Tanggungjawab Indonesia Menjaga ALKI
ALKI sendiri, adalah alur laut di wilayah perairan Indonesia yang bebas dilayari oleh kapal-kapal internasional (freedom to passage) dan tertuang dalam perjanjian Konvensi Perserikatan Bangsa-Bangsa tentang Hukum Laut atau The United Nations Convention on the Law of the Sea (UNCLOS) 1982.
“Menjadi komitmen pemerintah Indonesia untuk memastikan navigasi kapal yang melewati Selat Sunda dan Selat Lombok berlangsung aman. Terdapat lebih dari 53 ribu dan 36 ribu kapal yang melewati kedua selat itu setiap tahun,” kata Laksamana TNI (Purn) Prof. Dr. Marsetio.
Sejalan dengan itu, lanjutnya, TSS Selat Sunda dan Lombok tersebut merupakan penjabaran dari Visi Presiden Republik Indonesia Joko Widodo tentang Poros Maritim, yaitu Kebijakan Kelautan Nasional Indonesia untuk berperan aktif dalam organisasi internasional dan khususnya di sektor maritim.
“Tentunya Indonesia melalui departemen terkait telah mempersiapkan vessel traffic service (VTS) untuk membantu kapal bernavigasi dengan aman. Juga memastikan semua fasilitas pendukun dan infrastruktur sumber daya manusia siap sebelum implementasi TSS,” kata Laksamana TNI (Purn) Prof. Dr. Marsetio.
Kebersihan Pelabuhan
Laksamana TNI (Pur) Prof. Dr. Marsetio bersama Deputi pengelolaan Lingkungan dan Kehutanan, dan Staf Ahli Kemenko Marves Dr. Sahat Manaor, didampingi Dirjen PSLB3 KLHK, Dirjen Hubla Kemenhub Agus Purnomo, serta Tim Deputi 4 Kemenko Marves, meninjau kesiapan fasilitas Reception Facility (RF) penampungan limbah B3 yang ada di pelabuhan Tanjung Priok.
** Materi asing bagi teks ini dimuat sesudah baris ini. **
lemma integral_min_diff_0_eq:
  fixes \<phi> :: "'a \<Rightarrow> real"
  assumes "\<phi> \<in> borel_measurable M" "B \<in> sets M" "emeasure M B < \<infinity>" "\<And>z. \<bar>\<phi> z\<bar> \<le> C"
    and below: "\<And>z. z \<in> B \<Longrightarrow> \<phi> z \<le> \<tau>" and above: "\<And>z. z \<notin> B \<Longrightarrow> \<tau> \<le> \<phi> z"
  shows "integrable M (\<lambda>z. min (\<phi> z - \<tau>) 0)"
    and "integral\<^sup>L M (\<lambda>z. min (\<phi> z - \<tau>) 0) = (LINT z:B|M. \<phi> z) - \<tau> * measure M B"
proof -
  have eq: "(\<lambda>z. min (\<phi> z - \<tau>) 0) = (\<lambda>z. indicator B z *\<^sub>R (\<phi> z - \<tau>))"
    using below above by (auto simp: indicator_def fun_eq_iff)
  have integrable: "set_integrable M B \<phi>" "set_integrable M B (\<lambda>_. \<tau>)"
    using assms(1-4) by (auto intro!: set_integrable_bounded)
  show "integrable M (\<lambda>z. min (\<phi> z - \<tau>) 0)"
    using set_integral_diff(1)[OF integrable] by (simp add: eq set_integrable_def)
  have "integral\<^sup>L M (\<lambda>z. min (\<phi> z - \<tau>) 0) = (LINT z:B|M. \<phi> z - \<tau>)"
    by (simp add: eq set_lebesgue_integral_def)
  also have "\<dots> = (LINT z:B|M. \<phi> z) - \<tau> * measure M B"
    using integrable assms(2,3) by (simp add: set_integral_diff set_integral_const)
  finally show "integral\<^sup>L M (\<lambda>z. min (\<phi> z - \<tau>) 0) = (LINT z:B|M. \<phi> z) - \<tau> * measure M B" .
qed

lemma set_integral_const_add_sum:
  fixes f :: "'i \<Rightarrow> 'a \<Rightarrow> real"
  assumes "A \<in> sets M" "emeasure M A < \<infinity>" "\<And>i. i \<in> I \<Longrightarrow> set_integrable M A (f i)"
  shows "set_integrable M A (\<lambda>x. c + (\<Sum>i\<in>I. f i x))"
    and "(LINT x:A|M. c + (\<Sum>i\<in>I. f i x)) = c * measure M A + (\<Sum>i\<in>I. LINT x:A|M. f i x)"
  using assms unfolding set_integrable_def set_lebesgue_integral_def real_scaleR_def
  by (simp_all add: distrib_left sum_distrib_left Bochner_Integration.integral_add
      Bochner_Integration.integral_sum Bochner_Integration.integrable_sum)

lemma card_mult_set_integral_le_set_integral_Min_translates:
  fixes \<phi> :: "'a::euclidean_space \<Rightarrow> real"
  assumes [measurable]: "\<phi> \<in> borel_measurable borel" "B \<in> sets borel" "X \<in> sets borel"
    and bounded: "\<And>z. \<bar>\<phi> z\<bar> \<le> M"
    and finite_measure: "emeasure lborel B < \<infinity>" "emeasure lborel X < \<infinity>"
    and below: "\<And>z. z \<in> B \<Longrightarrow> \<phi> z \<le> \<tau>" and above: "\<And>z. z \<notin> B \<Longrightarrow> \<tau> \<le> \<phi> z"
    and S: "finite S" "S \<noteq> {}"
    and volume: "measure lborel X = card S * measure lborel B"
  shows "card S * (LINT z:B|lborel. \<phi> z) \<le> (LINT x:X|lborel. Min ((\<lambda>y. \<phi> (x - y)) ` S))"
proof -
  define G where "G z = min (\<phi> z - \<tau>) 0" for z
  have integral_G: "integrable lborel G"
    "integral\<^sup>L lborel G = (LINT z:B|lborel. \<phi> z) - \<tau> * measure lborel B"
    unfolding G_def[abs_def]
    using integral_min_diff_0_eq[of \<phi> lborel B M \<tau>] finite_measure(1) bounded below above
    by simp_all
  have [measurable]: "G \<in> borel_measurable borel"
    unfolding G_def by measurable
  have integrable_X_G: "set_integrable lborel X (\<lambda>x. G (x - y))" for y
  proof (rule set_integrable_bounded)
    show "norm (G (x - y)) \<le> M + \<bar>\<tau>\<bar>" for x
      using bounded[of "x - y"] by (auto simp: G_def)
  qed (use finite_measure(2) in auto)
  note integral_X_sum = set_integral_const_add_sum[where f = "\<lambda>y x. G (x - y)" and c = \<tau> and I = S,
      OF _ finite_measure(2) integrable_X_G]
  have integrable_X_Min: "set_integrable lborel X (\<lambda>x. Min ((\<lambda>y. \<phi> (x - y)) ` S))"
  proof (rule set_integrable_bounded)
    show "norm (Min ((\<lambda>y. \<phi> (x - y)) ` S)) \<le> M" for x
      using Min_in[of "(\<lambda>y. \<phi> (x - y)) ` S"] S bounded by (auto simp del: Min_in)
  qed (use finite_measure(2) S in auto)
  have pointwise: "\<tau> + (\<Sum>y\<in>S. G (x - y)) \<le> Min ((\<lambda>y. \<phi> (x - y)) ` S)" for x
    unfolding G_def using sum_min_diff_le_Min[OF S] by (simp add: image_image)
  have "card S * (LINT z:B|lborel. \<phi> z)
      = \<tau> * measure lborel X + (\<Sum>y\<in>S. integral\<^sup>L lborel (\<lambda>x. G (x - y)))"
    by (simp add: integral_lborel_translate integral_G(2) volume algebra_simps)
  also have "\<dots> \<le> \<tau> * measure lborel X + (\<Sum>y\<in>S. LINT x:X|lborel. G (x - y))"
    by (intro add_left_mono sum_mono integral_le_set_integral_of_nonpos integrable_X_G
        integrable_lborel_translate integral_G(1)) (simp add: G_def)
  also have "\<dots> = (LINT x:X|lborel. \<tau> + (\<Sum>y\<in>S. G (x - y)))"
    using integral_X_sum(2) by simp
  also have "\<dots> \<le> (LINT x:X|lborel. Min ((\<lambda>y. \<phi> (x - y)) ` S))"
    using integral_X_sum(1) integrable_X_Min pointwise by (intro set_integral_mono) simp_all
  finally show ?thesis .
qed

lemma set_integral_lebesgue_eq_lborel:
  fixes f :: "'a::euclidean_space \<Rightarrow> 'b::{banach, second_countable_topology}"
  assumes "A \<in> sets borel" "f \<in> borel_measurable borel"
  shows "(LINT x:A|lebesgue. f x) = (LINT x:A|lborel. f x)"
  unfolding set_lebesgue_integral_def by (rule integral_completion) (use assms in measurable)

lemma cost_set_eq_Min:
  assumes "finite S" "S \<noteq> {}"
  shows "cost_set h N Cr x S = Min ((\<lambda>y. cost h N Cr (x - y) 0) ` S)"
proof -
  have "mono (\<lambda>t::real. min t Cr)" by (intro monoI) simp
  from mono_Min_commute[OF this, of "(\<lambda>y. h (N (x - y))) ` S"] show ?thesis
    using assms by (simp add: cost_set_def cost_def cInf_eq_Min image_image)
qed

lemma borel_measurable_cost:
  assumes "is_norm N" "mono_on {0..} h"
  shows "(\<lambda>z. cost h N Cr z 0) \<in> borel_measurable borel"
proof -
  have "(\<lambda>t. h (max t 0)) \<in> borel_measurable borel"
    by (rule borel_measurable_mono) (auto intro!: monoI mono_onD[OF assms(2)])
  moreover have "N \<in> borel_measurable borel"
    by (rule borel_measurable_continuous_onI[OF continuous_on_is_norm[OF assms(1)]])
  ultimately have "(\<lambda>z. h (max (N z) 0)) \<in> borel_measurable borel"
    by measurable
  then show ?thesis
    using is_norm_nonneg[OF assms(1)] by (simp add: cost_def max_absorb1)
qed

lemma cost_le_if_norm_le:
  assumes "is_norm N" "mono_on {0..} h" "N z \<le> r"
  shows "cost h N Cr z 0 \<le> min (h r) Cr"
proof -
  have "h (N z) \<le> h r"
    using assms(3) is_norm_nonneg[OF assms(1), of z] by (intro mono_onD[OF assms(2)]) auto
  then show ?thesis by (simp add: cost_def min.coboundedI1)
qed

lemma cost_ge_if_norm_ge:
  assumes "mono_on {0..} h" "0 \<le> r" "r \<le> N z"
  shows "min (h r) Cr \<le> cost h N Cr z 0"
proof -
  have "h r \<le> h (N z)" using assms(2,3) by (intro mono_onD[OF assms(1)]) auto
  then show ?thesis by (simp add: cost_def min.coboundedI1)
qed

lemma vball_eq_nballE:
  assumes "is_norm N" "v \<ge> 0"
  obtains r where "r \<ge> 0" "measure lebesgue (nball N (0::'a::euclidean_space) r) = v"
    "vball N 0 v = nball N 0 r"
  using someI_ex[OF ex_nball_measure_eq[OF assms]] that unfolding vball_def by blast

lemma card_mult_Fvol_le_set_integral_cost_set:
  fixes X S :: "'a::euclidean_space set"
  assumes "compact X" "finite S" "S \<noteq> {}"
    and "is_norm N" "\<forall>t\<ge>0. h t \<ge> 0" "mono_on {0..} h" "Cr \<ge> 0"
  shows "card S * Fvol h N Cr (measure lebesgue X / card S) \<le> (LINT x:X|lebesgue. cost_set h N Cr x S)"
proof -
  let ?v = "measure lebesgue X / card S"
  obtain r where r: "r \<ge> 0" "measure lebesgue (nball N 0 r) = ?v" and B: "vball N 0 ?v = nball N 0 r"
    using vball_eq_nballE[OF assms(4), of ?v] by auto
  let ?B = "nball N 0 r"
  have [measurable]: "?B \<in> sets borel" "X \<in> sets borel"
    using compact_nball[OF assms(4)] assms(1) by (auto intro: borel_compact)
  have [measurable]: "(\<lambda>z. cost h N Cr z 0) \<in> borel_measurable borel"
    by (rule borel_measurable_cost[OF assms(4,6)])
  have "card S * Fvol h N Cr ?v = card S * (LINT z:?B|lborel. cost h N Cr z 0)"
    unfolding Fvol_def B by (simp add: set_integral_lebesgue_eq_lborel)
  also have "\<dots> \<le> (LINT x:X|lborel. Min ((\<lambda>y. cost h N Cr (x - y) 0) ` S))"
  proof (rule card_mult_set_integral_le_set_integral_Min_translates[where \<tau> = "min (h r) Cr"])
    show "\<bar>cost h N Cr z 0\<bar> \<le> Cr" for z
      using assms(5,7) is_norm_nonneg[OF assms(4), of z] by (auto simp: cost_def)
    show "emeasure lborel ?B < \<infinity>"
      by (rule emeasure_compact_finite[OF compact_nball[OF assms(4)]])
    show "emeasure lborel X < \<infinity>"
      by (rule emeasure_compact_finite[OF assms(1)])
    show "cost h N Cr z 0 \<le> min (h r) Cr" if "z \<in> ?B" for z
      using that by (intro cost_le_if_norm_le[OF assms(4,6)]) (simp add: nball_0)
    show "min (h r) Cr \<le> cost h N Cr z 0" if "z \<notin> ?B" for z
      using that by (intro cost_ge_if_norm_ge[OF assms(6) r(1)]) (simp add: nball_0)
    show "measure lborel X = card S * measure lborel ?B"
      using r(2) assms(2,3) by simp
  qed (use assms(2,3) in auto)
  also have "\<dots> = (LINT x:X|lebesgue. cost_set h N Cr x S)"
    using assms(2,3) by (simp add: cost_set_eq_Min set_integral_lebesgue_eq_lborel)
  finally show ?thesis .
qed

theorem theorem8:
  fixes X S :: "'a::euclidean_space set" and h :: "real \<Rightarrow> real" and N :: "'a \<Rightarrow> real"
    and Cr lam :: real and k :: nat
  assumes "compact X"
    and "is_norm N"
    and "\<forall>t\<ge>0. h t \<ge> 0" and "mono_on {0..} h"
    and "Cr > 0" and "lam > 0"
    and "k \<ge> 1" and "finite S" and "card S = k" and "S \<subseteq> X"
  shows "exp_cost h N Cr lam X S \<ge> lam * real k * Fvol h N Cr (measure lebesgue X / real k)"
proof -
  have "S \<noteq> {}" using assms(7,9) by auto
  then have "real k * Fvol h N Cr (measure lebesgue X / real k) \<le> (LINT x:X|lebesgue. cost_set h N Cr x S)"
    using card_mult_Fvol_le_set_integral_cost_set[of X S N h Cr] assms by simp
  moreover have "exp_cost h N Cr lam X S = lam * (LINT x:X|lebesgue. cost_set h N Cr x S)"
    by (simp add: exp_cost_def)
  ultimately show ?thesis
    using assms(6) by (simp add: mult.assoc mult_left_mono)
qed

end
Marsetio mengatakan kebersihan laut merupakan hal yang utama, yang memiliki dampak besar terhadap pelestarian. “Kalau pemerintah akan menanam satu juta mangrove, dan ini tak akan berhasil jika laut kita tak bersih,” imbuhnya.
Ia mengungkapkan jika per tahun lalu lintas kapas yang masuk ke Tanjung Priok sekitar 16 ribu kapal, berapa banyak limbah B3 serta sampah non B3 yang dibuang di Priok. “Makanya pelaporan itu sangatlah penting, dan pengawasan pun tak kalah penting,” ujarnya.
Marsetio minta supaya dokumen kapal benar-benar dilihat. “Mereka harus melaporkan berapa banyak sampah dan limbah B3 yang akan di buang di pelabuhan Priok. Kan sudah ada inaportnet, tapi dalam pelaporan dipatuhi apa nggak,” tegasnya.
“Kalau ada kapal mulai dari masuk kemudian laporannya tak patuhi aturan, mestinya tak dikasih Surat Perintah Berlayar,” ujarnya.
Marsetio menekankan, persoalan sampah Bahan Berbahaya dan Beracun (B3) di pelabuhan Tanjung Priok, segera dituntaskan. “Harus terus dikawal, pelaporan diperbaiki, dan pihak kapal jangan melaporkan nol dalam sistem inaportnet,” ujarnya memungkasi.